(Saved data entries)
════
lemma max_minor_eq_det:
  fixes d :: "'a::comm_ring_1 mpol"
  assumes d: "d \<in> max_minors p q"
  obtains M c where "d = det M" "M \<in> carrier_mat (2 * q - 1) (2 * q - 1)"
    "\<And>j. j < 2 * q - 1 \<Longrightarrow> c j < (q - 1) + (p - 1) * q"
    "\<And>a j. a < 2 * q - 1 \<Longrightarrow> j < 2 * q - 1 \<Longrightarrow> M $$ (a, j) = A_entry p q a (c j)"
proof -
  let ?n = "2 * q - 1"
  let ?A = "A_mat p q :: 'a mpol mat"
  have "\<exists>C. d = det (submatrix ?A {0..<?n} C) \<and> C \<subseteq> {0..<(q - 1) + (p - 1) * q} \<and> card C = ?n"
    using d unfolding max_minors_def by (rule CollectD)
  then obtain C where d_eq: "d = det (submatrix ?A {0..<?n} C)"
    and C: "C \<subseteq> {0..<(q - 1) + (p - 1) * q}" "card C = ?n"
    by (elim exE conjE) (rule that)
  have dims_A: "dim_row ?A = ?n" "dim_col ?A = (q - 1) + (p - 1) * q"
    by (simp_all add: A_mat_def)
  have rows: "{i. i < dim_row ?A \<and> i \<in> {0..<?n}} = {0..<?n}"
    and cols: "{j. j < dim_col ?A \<and> j \<in> C} = C"
    unfolding dims_A using C(1) by auto
  have column: "pick C j < (q - 1) + (p - 1) * q" if "j < ?n" for j
    using pick_in_set_le[of j C] that C by auto
  show ?thesis
  proof (rule that[OF d_eq _ column])
    show "submatrix ?A {0..<?n} C \<in> carrier_mat ?n ?n"
      by (rule carrier_matI) (simp_all only: dim_submatrix rows cols card_atLeastLessThan diff_zero C(2))
  next
    fix a j assume a: "a < ?n" and j: "j < ?n"
    have "submatrix ?A {0..<?n} C $$ (a, j) = ?A $$ (pick {0..<?n} a, pick C j)"
      by (rule submatrix_index) (simp_all only: rows cols card_atLeastLessThan diff_zero a j C(2))
    also have "\<dots> = A_entry p q a (pick C j)"
      using a column[OF j] by (simp add: pick_atLeastLessThan_0 A_mat_def)
    finally show "submatrix ?A {0..<?n} C $$ (a, j) = A_entry p q a (pick C j)" .
  qed
qed

lemma Phi_max_minor_eq_0:
  fixes d :: "'a::idom mpol"
  assumes p: "p \<ge> 1" and q: "q \<ge> 1" and d: "d \<in> max_minors p q"
  shows "Phi p q d = 0"
proof -
  let ?n = "2 * q - 1"
  obtain M c where d_eq: "d = det M" and M: "M \<in> carrier_mat ?n ?n"
    and c: "\<And>j. j < ?n \<Longrightarrow> c j < (q - 1) + (p - 1) * q"
    and M_entry: "\<And>a j. a < ?n \<Longrightarrow> j < ?n \<Longrightarrow> M $$ (a, j) = A_entry p q a (c j)"
    using max_minor_eq_det[OF d] by blast
  define N where "N = map_mat (Phi p q) M"
  have N: "N \<in> carrier_mat ?n ?n"
    unfolding N_def using M by (simp only: map_carrier_mat)
  let ?v = "vec ?n (\<lambda>a. [:0, 1:] ^ (?n - 1 - a)) :: 'a mpol poly vec"
  have last: "?n - 1 < ?n" using q by simp
  have "?v $ (?n - 1) = [:0, 1:] ^ (?n - 1 - (?n - 1))" by (simp only: index_vec[OF last])
  then have v_last: "?v $ (?n - 1) = 1" by simp
  have v_nonzero: "?v \<noteq> 0\<^sub>v ?n"
  proof
    assume v_zero: "?v = 0\<^sub>v ?n"
    have "1 = ?v $ (?n - 1)" using v_last by (rule sym)
    also have "\<dots> = 0\<^sub>v ?n $ (?n - 1)" by (simp only: v_zero)
    also have "\<dots> = 0" using last by (rule index_zero_vec)
    finally show False by simp
  qed
  have kernel: "transpose_mat N *\<^sub>v ?v = 0\<^sub>v ?n"
  proof (rule eq_vecI)
    fix j assume "j < dim_vec (0\<^sub>v ?n :: 'a mpol poly vec)"
    then have j: "j < ?n" by simp
    have "(transpose_mat N *\<^sub>v ?v) $ j = (\<Sum>a\<in>{0..<?n}. col N j $ a * ?v $ a)"
      using j carrier_matD[OF N] by (simp add: scalar_prod_def)
    also have "\<dots> = (\<Sum>a\<in>{0..<?n}. Phi p q (A_entry p q a (c j)) * [:0, 1:] ^ (?n - 1 - a))"
    proof (rule sum.cong)
      fix a assume "a \<in> {0..<?n}"
      then have a: "a < ?n" by simp
      have "col N j $ a = Phi p q (M $$ (a, j))"
        using a j carrier_matD[OF M] by (simp add: N_def)
      then show "col N j $ a * ?v $ a = Phi p q (A_entry p q a (c j)) * [:0, 1:] ^ (?n - 1 - a)"
        using a by (simp add: M_entry[OF a j])
    qed simp
    also have "\<dots> = (\<Sum>a<2 * q - 1. [:0, 1:] ^ (2 * q - 2 - a) * Phi p q (A_entry p q a (c j)))"
      by (simp add: atLeast0LessThan mult.commute)
    also have "\<dots> = 0" by (rule Phi_A_column_relation[OF p q c[OF j]])
    finally show "(transpose_mat N *\<^sub>v ?v) $ j = 0\<^sub>v ?n $ j" using j by simp
  qed (simp add: carrier_matD[OF N])
  have "transpose_mat N \<in> carrier_mat ?n ?n" using N by simp
  moreover have "?v \<in> carrier_vec ?n" by simp
  ultimately have "det (transpose_mat N) = 0"
    using det_0_iff_vec_prod_zero v_nonzero kernel by blast
  then have "det N = 0" by (simp only: det_transpose[OF N])
  then show ?thesis
    unfolding d_eq comm_ring_hom.hom_det[OF comm_ring_hom_Phi, symmetric] N_def .
qed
════
§ **Task directions**
Take the lines from the top of the data through the one that contains "q :: 'a mpol" and copy them exactly, leaving out every line after it.

§ **Solution**
lemma max_minor_eq_det:
  fixes d :: "'a::comm_ring_1 mpol"
  assumes d: "d \<in> max_minors p q"
  obtains M c where "d = det M" "M \<in> carrier_mat (2 * q - 1) (2 * q - 1)"
    "\<And>j. j < 2 * q - 1 \<Longrightarrow> c j < (q - 1) + (p - 1) * q"
    "\<And>a j. a < 2 * q - 1 \<Longrightarrow> j < 2 * q - 1 \<Longrightarrow> M $$ (a, j) = A_entry p q a (c j)"
proof -
  let ?n = "2 * q - 1"
  let ?A = "A_mat p q :: 'a mpol mat"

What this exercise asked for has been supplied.